*TASK GOAL*. Please restate, word for word, the lines below that begin at the one with "by (auto simp: fa_smult_def fa_zero_def)" and end at the one with "A (\<lambda>i. fa_smult". Leave out all other lines.
^^^^^^^^^^^^^^^^
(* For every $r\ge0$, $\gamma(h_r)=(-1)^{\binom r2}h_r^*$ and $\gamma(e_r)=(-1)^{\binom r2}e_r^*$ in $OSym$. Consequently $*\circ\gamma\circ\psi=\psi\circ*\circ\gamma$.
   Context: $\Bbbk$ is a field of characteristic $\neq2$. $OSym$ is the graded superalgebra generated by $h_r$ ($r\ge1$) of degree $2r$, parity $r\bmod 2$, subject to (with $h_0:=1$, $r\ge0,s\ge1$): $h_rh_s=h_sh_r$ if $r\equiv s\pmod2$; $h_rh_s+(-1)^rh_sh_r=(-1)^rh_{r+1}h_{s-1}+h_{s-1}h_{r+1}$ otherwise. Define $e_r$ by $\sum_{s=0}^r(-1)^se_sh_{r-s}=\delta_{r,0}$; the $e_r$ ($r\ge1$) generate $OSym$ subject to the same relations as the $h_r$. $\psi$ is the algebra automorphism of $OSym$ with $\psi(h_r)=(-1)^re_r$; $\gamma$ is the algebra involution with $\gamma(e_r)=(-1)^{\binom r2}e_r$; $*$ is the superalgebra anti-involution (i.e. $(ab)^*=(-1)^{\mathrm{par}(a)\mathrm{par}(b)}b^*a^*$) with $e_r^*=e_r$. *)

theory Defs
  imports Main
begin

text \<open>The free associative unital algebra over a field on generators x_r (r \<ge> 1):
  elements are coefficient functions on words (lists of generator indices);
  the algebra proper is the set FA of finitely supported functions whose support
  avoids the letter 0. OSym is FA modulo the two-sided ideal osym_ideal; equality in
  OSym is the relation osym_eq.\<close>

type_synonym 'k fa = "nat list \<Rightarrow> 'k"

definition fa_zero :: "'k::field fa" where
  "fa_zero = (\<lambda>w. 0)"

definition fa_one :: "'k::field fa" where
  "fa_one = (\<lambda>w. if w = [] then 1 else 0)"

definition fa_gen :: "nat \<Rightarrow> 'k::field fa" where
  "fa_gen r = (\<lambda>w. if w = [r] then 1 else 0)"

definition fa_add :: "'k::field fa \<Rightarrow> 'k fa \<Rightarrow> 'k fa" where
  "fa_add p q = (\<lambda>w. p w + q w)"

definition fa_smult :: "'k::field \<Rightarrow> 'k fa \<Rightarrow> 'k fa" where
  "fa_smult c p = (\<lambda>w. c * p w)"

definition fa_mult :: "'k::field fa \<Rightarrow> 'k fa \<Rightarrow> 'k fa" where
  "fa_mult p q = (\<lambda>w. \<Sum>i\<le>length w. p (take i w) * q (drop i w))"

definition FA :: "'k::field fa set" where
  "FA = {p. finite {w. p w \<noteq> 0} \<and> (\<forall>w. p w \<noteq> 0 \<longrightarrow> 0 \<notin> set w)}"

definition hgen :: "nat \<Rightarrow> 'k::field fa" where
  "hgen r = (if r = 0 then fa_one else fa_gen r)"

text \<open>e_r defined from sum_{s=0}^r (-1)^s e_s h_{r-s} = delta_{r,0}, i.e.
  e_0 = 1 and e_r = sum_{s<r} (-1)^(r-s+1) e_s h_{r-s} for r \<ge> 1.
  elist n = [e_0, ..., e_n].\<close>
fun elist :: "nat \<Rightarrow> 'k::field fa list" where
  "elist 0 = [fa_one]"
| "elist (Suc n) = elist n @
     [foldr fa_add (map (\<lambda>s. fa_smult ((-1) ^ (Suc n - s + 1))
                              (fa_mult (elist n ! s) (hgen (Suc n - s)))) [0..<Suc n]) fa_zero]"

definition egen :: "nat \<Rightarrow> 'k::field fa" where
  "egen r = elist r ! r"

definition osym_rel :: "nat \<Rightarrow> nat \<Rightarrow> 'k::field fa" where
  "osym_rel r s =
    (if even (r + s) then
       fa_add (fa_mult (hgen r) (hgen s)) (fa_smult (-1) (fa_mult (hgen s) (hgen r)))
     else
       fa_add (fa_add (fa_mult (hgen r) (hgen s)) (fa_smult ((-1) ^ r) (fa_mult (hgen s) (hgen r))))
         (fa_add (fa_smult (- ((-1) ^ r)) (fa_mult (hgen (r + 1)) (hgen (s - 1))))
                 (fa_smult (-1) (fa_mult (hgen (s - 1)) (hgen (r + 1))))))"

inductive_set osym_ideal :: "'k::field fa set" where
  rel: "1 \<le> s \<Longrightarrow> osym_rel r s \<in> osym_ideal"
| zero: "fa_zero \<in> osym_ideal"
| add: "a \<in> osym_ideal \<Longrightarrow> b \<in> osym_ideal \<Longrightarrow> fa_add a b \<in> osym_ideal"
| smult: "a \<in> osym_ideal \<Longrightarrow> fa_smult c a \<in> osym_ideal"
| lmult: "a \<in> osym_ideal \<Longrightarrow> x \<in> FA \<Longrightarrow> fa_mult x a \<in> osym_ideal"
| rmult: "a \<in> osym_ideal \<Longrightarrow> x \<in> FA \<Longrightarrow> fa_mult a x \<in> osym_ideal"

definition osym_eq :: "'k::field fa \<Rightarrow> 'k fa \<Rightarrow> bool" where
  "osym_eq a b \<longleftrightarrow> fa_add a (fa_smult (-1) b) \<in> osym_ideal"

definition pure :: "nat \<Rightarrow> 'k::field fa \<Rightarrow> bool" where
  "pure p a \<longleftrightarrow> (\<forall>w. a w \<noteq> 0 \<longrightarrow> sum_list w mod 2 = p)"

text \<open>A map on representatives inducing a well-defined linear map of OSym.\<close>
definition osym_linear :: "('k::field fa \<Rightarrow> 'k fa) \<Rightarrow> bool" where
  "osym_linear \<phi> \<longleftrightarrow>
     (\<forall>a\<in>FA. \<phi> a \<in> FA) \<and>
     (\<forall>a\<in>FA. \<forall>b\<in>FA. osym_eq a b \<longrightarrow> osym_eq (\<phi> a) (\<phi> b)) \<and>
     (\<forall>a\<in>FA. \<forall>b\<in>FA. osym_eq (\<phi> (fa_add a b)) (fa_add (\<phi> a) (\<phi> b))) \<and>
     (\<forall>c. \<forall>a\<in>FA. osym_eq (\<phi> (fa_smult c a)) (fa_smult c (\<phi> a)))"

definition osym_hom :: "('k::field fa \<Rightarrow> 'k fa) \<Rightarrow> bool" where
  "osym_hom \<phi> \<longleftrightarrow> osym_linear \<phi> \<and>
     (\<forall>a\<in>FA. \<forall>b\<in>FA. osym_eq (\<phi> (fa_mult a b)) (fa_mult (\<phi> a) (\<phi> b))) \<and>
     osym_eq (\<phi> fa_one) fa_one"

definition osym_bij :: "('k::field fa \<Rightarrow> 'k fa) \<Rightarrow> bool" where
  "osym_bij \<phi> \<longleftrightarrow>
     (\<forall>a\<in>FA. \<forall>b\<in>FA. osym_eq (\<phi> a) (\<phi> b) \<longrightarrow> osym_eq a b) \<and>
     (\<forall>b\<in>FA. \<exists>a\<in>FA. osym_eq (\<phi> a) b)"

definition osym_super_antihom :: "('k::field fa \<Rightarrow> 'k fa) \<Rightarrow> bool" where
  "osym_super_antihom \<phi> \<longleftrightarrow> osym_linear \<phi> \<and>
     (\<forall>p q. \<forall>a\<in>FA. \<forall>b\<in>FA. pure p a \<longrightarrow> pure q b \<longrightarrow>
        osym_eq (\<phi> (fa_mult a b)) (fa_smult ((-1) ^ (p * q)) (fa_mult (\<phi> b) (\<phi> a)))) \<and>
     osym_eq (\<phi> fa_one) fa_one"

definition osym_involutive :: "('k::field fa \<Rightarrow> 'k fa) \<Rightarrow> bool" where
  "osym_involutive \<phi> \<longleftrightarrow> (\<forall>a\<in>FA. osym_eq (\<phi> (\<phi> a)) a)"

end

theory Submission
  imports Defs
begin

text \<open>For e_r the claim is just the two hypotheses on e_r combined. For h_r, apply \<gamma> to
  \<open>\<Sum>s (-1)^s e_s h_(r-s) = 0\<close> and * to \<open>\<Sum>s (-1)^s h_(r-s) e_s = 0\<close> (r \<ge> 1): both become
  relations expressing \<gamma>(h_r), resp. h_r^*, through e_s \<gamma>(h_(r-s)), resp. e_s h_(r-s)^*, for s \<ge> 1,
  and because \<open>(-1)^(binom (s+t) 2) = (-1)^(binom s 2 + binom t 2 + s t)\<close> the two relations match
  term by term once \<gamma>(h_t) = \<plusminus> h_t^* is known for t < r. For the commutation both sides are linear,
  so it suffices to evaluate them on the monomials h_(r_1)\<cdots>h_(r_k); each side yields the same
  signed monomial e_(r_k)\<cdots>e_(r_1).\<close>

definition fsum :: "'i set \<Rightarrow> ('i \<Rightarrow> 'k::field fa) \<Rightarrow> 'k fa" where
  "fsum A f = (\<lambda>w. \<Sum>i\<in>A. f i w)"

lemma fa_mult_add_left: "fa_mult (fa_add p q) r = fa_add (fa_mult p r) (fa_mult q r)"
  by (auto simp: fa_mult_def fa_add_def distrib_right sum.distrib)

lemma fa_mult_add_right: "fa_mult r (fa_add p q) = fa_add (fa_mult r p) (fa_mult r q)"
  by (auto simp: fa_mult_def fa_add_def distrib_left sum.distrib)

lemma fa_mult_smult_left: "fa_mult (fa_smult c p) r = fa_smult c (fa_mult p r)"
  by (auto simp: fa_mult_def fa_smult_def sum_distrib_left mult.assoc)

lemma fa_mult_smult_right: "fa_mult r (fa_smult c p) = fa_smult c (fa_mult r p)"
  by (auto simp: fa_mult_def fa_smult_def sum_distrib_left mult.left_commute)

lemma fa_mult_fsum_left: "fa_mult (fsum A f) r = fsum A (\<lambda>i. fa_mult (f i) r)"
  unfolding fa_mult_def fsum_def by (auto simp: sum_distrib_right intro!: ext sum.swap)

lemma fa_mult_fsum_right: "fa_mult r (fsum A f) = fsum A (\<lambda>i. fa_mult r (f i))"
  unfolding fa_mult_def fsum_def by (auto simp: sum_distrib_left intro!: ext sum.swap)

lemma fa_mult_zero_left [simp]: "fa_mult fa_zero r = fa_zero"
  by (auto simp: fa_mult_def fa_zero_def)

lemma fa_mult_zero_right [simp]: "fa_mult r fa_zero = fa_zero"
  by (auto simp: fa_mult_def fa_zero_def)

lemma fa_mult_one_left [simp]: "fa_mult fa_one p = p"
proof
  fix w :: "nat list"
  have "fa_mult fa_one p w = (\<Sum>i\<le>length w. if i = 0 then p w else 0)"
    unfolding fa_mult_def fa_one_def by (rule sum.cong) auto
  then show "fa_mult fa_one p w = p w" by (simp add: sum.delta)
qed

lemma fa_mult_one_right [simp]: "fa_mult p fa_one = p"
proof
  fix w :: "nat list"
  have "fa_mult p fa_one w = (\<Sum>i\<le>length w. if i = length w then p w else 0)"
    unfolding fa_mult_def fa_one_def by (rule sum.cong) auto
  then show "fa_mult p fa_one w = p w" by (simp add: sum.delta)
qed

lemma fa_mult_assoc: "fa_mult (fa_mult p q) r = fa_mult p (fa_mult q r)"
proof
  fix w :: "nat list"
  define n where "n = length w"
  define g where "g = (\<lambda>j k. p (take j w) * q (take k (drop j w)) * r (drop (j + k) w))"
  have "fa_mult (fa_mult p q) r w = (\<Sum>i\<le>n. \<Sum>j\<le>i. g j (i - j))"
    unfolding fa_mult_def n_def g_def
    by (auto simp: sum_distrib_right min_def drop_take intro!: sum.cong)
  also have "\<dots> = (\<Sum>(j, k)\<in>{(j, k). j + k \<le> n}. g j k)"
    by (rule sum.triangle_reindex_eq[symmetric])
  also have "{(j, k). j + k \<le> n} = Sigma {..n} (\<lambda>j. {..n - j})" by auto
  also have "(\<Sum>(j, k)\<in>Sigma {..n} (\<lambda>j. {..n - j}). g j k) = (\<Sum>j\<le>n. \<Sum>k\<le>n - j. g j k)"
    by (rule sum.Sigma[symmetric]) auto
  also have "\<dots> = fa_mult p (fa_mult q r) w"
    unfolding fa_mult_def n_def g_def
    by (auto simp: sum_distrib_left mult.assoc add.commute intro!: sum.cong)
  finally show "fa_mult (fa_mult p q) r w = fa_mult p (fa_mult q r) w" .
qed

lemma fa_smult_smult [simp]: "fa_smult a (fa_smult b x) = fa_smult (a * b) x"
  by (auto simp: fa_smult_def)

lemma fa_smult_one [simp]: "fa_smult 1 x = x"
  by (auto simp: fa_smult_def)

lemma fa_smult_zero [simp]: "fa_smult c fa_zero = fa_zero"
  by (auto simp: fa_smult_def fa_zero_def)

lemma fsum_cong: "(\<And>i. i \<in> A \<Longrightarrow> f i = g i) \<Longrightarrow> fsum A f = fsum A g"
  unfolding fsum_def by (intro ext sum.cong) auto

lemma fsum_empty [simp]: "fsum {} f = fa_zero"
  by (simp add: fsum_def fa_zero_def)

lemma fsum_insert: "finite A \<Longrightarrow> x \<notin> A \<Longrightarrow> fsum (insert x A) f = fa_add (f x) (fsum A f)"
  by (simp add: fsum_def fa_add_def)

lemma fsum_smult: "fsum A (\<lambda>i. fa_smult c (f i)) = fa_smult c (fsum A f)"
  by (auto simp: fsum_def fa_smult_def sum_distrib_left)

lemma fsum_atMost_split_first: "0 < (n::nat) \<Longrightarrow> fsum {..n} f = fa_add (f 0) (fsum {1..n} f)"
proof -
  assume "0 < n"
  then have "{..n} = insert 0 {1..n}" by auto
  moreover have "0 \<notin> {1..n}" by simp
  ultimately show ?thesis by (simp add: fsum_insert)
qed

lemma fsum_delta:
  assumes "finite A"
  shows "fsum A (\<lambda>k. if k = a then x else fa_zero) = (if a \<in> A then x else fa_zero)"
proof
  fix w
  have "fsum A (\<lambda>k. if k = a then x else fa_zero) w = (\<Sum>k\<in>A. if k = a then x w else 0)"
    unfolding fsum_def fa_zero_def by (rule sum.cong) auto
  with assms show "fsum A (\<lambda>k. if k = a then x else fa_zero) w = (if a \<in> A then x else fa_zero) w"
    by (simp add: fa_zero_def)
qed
^^^^^^^^^^^^^^^^
*FINISHED TASK*.
  by (auto simp: fa_smult_def fa_zero_def)

lemma fsum_cong: "(\<And>i. i \<in> A \<Longrightarrow> f i = g i) \<Longrightarrow> fsum A f = fsum A g"
  unfolding fsum_def by (intro ext sum.cong) auto

lemma fsum_empty [simp]: "fsum {} f = fa_zero"
  by (simp add: fsum_def fa_zero_def)

lemma fsum_insert: "finite A \<Longrightarrow> x \<notin> A \<Longrightarrow> fsum (insert x A) f = fa_add (f x) (fsum A f)"
  by (simp add: fsum_def fa_add_def)

lemma fsum_smult: "fsum A (\<lambda>i. fa_smult c (f i)) = fa_smult c (fsum A f)"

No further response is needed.